- [Task brief]:
Restrict the output to the lines below starting at the one that contains "(of_int :: int" and ending at the one that contains "by (rule quotient_of_div)", and restate them word for word, both ends included.
——————————
(* Let $F$ be an indexed group with degree map $\deg$, $G$ a group, $H\le G$, and $\Phi$ a set of homomorphisms $F\to G$ satisfying: (I) if $h\in H$ and $\varphi\in\Phi$ then $f\mapsto h^{-1}\varphi(f)h$ lies in $\Phi$; (II) for any $\varphi\in\Phi$ and $h\in H_\varphi$, the homomorphism $\psi$ with $\psi(f)=\varphi(f)$ for $\deg f=0$ and $\psi(f_1)=\varphi(f_1)h$ for a degree-one element $f_1$ lies in $\Phi$. Then each similarity class in $\Phi$ consists of exactly $|H|$ elements. More precisely, for each $\varphi\in\Phi$: 1) the number of distinct tails of elements of $\Phi$ similar to $\varphi$ equals $|H:H_\varphi|$; 2) for each $\psi\in\Phi$ similar to $\varphi$, the number of elements of $\Phi$ with the same tail as $\psi$ equals $|H_\varphi|$.
   Context: An indexed group is a group $F$ with a surjective homomorphism $\deg: F\to\mathbb{Z}$. Notation: $x^y=y^{-1}xy$, $H^y=y^{-1}Hy$, $C(X)$ is the centraliser. The $\varphi$-core of $H$ is $H_\varphi=\bigcap_{f\in F}H^{\varphi(f)}\cap C(\{\varphi(f)\mid\deg f=0\})$. The tail of $\varphi\in\Phi$ is the pair $(\varphi_0,\varphi_H)$, where $\varphi_0$ is the restriction of $\varphi$ to $\ker\deg$ and $\varphi_H$ is the map from $F$ to the set of left cosets of $H$ in $G$ sending $f$ to $\varphi(f)H$. Two homomorphisms $\varphi,\psi\in\Phi$ are similar if there is $h\in H$ with $\psi(f)=h\varphi(f)h^{-1}$ for all $f$ of degree zero and $\psi(f)H=h\varphi(f)H$ for all $f\in F$. Cardinalities are cardinal numbers (groups need not be finite). *)

theory Defs
  imports "HOL-Algebra.Elementary_Groups" "HOL-Library.Equipollence"
begin
lemma four_squares_nonneg:
  fixes n :: int
  assumes "0 \<le> n"
  shows "four_squares n"
proof -
  have "four_squares (int k)" for k
  proof (induction k rule: prime_divisors_induct)
    case zero
    have "int 0 = 0\<^sup>2 + 0\<^sup>2 + 0\<^sup>2 + 0\<^sup>2"
      by simp
    then show ?case
      unfolding four_squares_def by blast
  next
    case (unit x)
    then have "int x = 1\<^sup>2 + 0\<^sup>2 + 0\<^sup>2 + 0\<^sup>2"
      by simp
    then show ?case
      unfolding four_squares_def by blast
  next
    case (factor q x)
    then show ?case
      using four_squares_mult four_squares_prime[of "int q"] by simp
  qed
  then show ?thesis
    using assms by (metis nonneg_int_cases)
qed

lemma four_squares_sum_UNIV4:
  assumes "four_squares n"
  obtains a :: "4 \<Rightarrow> int" where "n = (\<Sum>i\<in>UNIV. (a i)\<^sup>2)"
proof -
  obtain a1 a2 a3 a4 where "n = a1\<^sup>2 + a2\<^sup>2 + a3\<^sup>2 + a4\<^sup>2"
    using assms unfolding four_squares_def by blast
  moreover define a :: "4 \<Rightarrow> int"
    where "a i = (if i = 1 then a1 else if i = 2 then a2 else if i = 3 then a3 else a4)" for i
  ultimately have "n = (\<Sum>i\<in>UNIV. (a i)\<^sup>2)"
    by (simp add: sum_4 a_def)
  then show ?thesis
    using that by blast
qed

section \<open>Gauss's lemma for monic polynomials\<close>

lemma map_poly_of_int_mult:
  "map_poly (of_int :: int \<Rightarrow> 'a :: comm_ring_1) (p * q) = map_poly of_int p * map_poly of_int q"
  by (intro poly_eqI) (simp add: coeff_map_poly coeff_mult)

lemma map_poly_of_rat_mult:
  "map_poly (of_rat :: rat \<Rightarrow> 'a :: field_char_0) (p * q) = map_poly of_rat p * map_poly of_rat q"
  by (intro poly_eqI) (simp add: coeff_map_poly coeff_mult of_rat_sum of_rat_mult)

lemma map_poly_of_rat_add:
  "map_poly (of_rat :: rat \<Rightarrow> 'a :: field_char_0) (p + q) = map_poly of_rat p + map_poly of_rat q"
  by (intro poly_eqI) (simp add: coeff_map_poly of_rat_add)

lemma rat_poly_clear_denominators:
  fixes f :: "rat poly"
  obtains a :: int and F :: "int poly" where "a > 0" and "map_poly of_int F = smult (of_int a) f"
proof -
  define den where "den i = snd (quotient_of (coeff f i))" for i
  define a where "a = (\<Prod>i\<le>degree f. den i)"
  have den_pos: "den i > 0" for i
    unfolding den_def by (rule quotient_of_denom_pos')
  have integral: "of_int a * coeff f i \<in> \<int>" for i
  proof (cases "i \<le> degree f")
    case True
    then obtain k where k: "a = den i * k"
      unfolding a_def by (metis atMost_iff dvd_prodI finite_atMost dvdE)
    obtain n where "quotient_of (coeff f i) = (n, den i)"
      unfolding den_def by (metis prod.collapse)
    then have "coeff f i = of_int n / of_int (den i)"
      by (rule quotient_of_div)
    then have "of_int a * coeff f i = of_int (k * n)"
      using den_pos[of i] unfolding k by (simp add: field_simps)
    then show ?thesis
      by simp
  qed (simp add: coeff_eq_0)
  have "map_poly of_int (map_poly floor (smult (of_int a) f)) = smult (of_int a) f"
    using integral by (intro poly_eqI) (simp add: coeff_map_poly)
  moreover have "a > 0"
    unfolding a_def using den_pos by (simp add: prod_pos)
  ultimately show ?thesis
    using that by blast
qed

lemma eq_if_dvd_factors_of_product:
  fixes a b c e :: int
  assumes "c * e = a * b" and "c dvd a" and "e dvd b" and "c \<ge> 0" and "e \<ge> 0"
    and "a > 0" and "b > 0"
  shows "c = a"
proof -
  obtain s t where s: "a = c * s" and t: "b = e * t"
    using assms(2,3) by (metis dvdE)
  then have "(c * e) * (s * t) = (c * e) * 1"
    using assms(1) by (simp add: algebra_simps)
  then have "s * t = 1"
    using assms(1,6,7) by simp
  moreover have "s > 0"
    using assms(4,6) s by (simp add: zero_less_mult_iff)
  ultimately show ?thesis
    using s zmult_eq_1_iff by fastforce
qed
——————————
- [Answer space]:
  "map_poly (of_int :: int \<Rightarrow> 'a :: comm_ring_1) (p * q) = map_poly of_int p * map_poly of_int q"
  by (intro poly_eqI) (simp add: coeff_map_poly coeff_mult)

lemma map_poly_of_rat_mult:
  "map_poly (of_rat :: rat \<Rightarrow> 'a :: field_char_0) (p * q) = map_poly of_rat p * map_poly of_rat q"
  by (intro poly_eqI) (simp add: coeff_map_poly coeff_mult of_rat_sum of_rat_mult)

lemma map_poly_of_rat_add:
  "map_poly (of_rat :: rat \<Rightarrow> 'a :: field_char_0) (p + q) = map_poly of_rat p + map_poly of_rat q"
  by (intro poly_eqI) (simp add: coeff_map_poly of_rat_add)

lemma rat_poly_clear_denominators:
  fixes f :: "rat poly"
  obtains a :: int and F :: "int poly" where "a > 0" and "map_poly of_int F = smult (of_int a) f"
proof -
  define den where "den i = snd (quotient_of (coeff f i))" for i
  define a where "a = (\<Prod>i\<le>degree f. den i)"
  have den_pos: "den i > 0" for i
    unfolding den_def by (rule quotient_of_denom_pos')
  have integral: "of_int a * coeff f i \<in> \<int>" for i
  proof (cases "i \<le> degree f")
    case True
    then obtain k where k: "a = den i * k"
      unfolding a_def by (metis atMost_iff dvd_prodI finite_atMost dvdE)
    obtain n where "quotient_of (coeff f i) = (n, den i)"
      unfolding den_def by (metis prod.collapse)
    then have "coeff f i = of_int n / of_int (den i)"
      by (rule quotient_of_div)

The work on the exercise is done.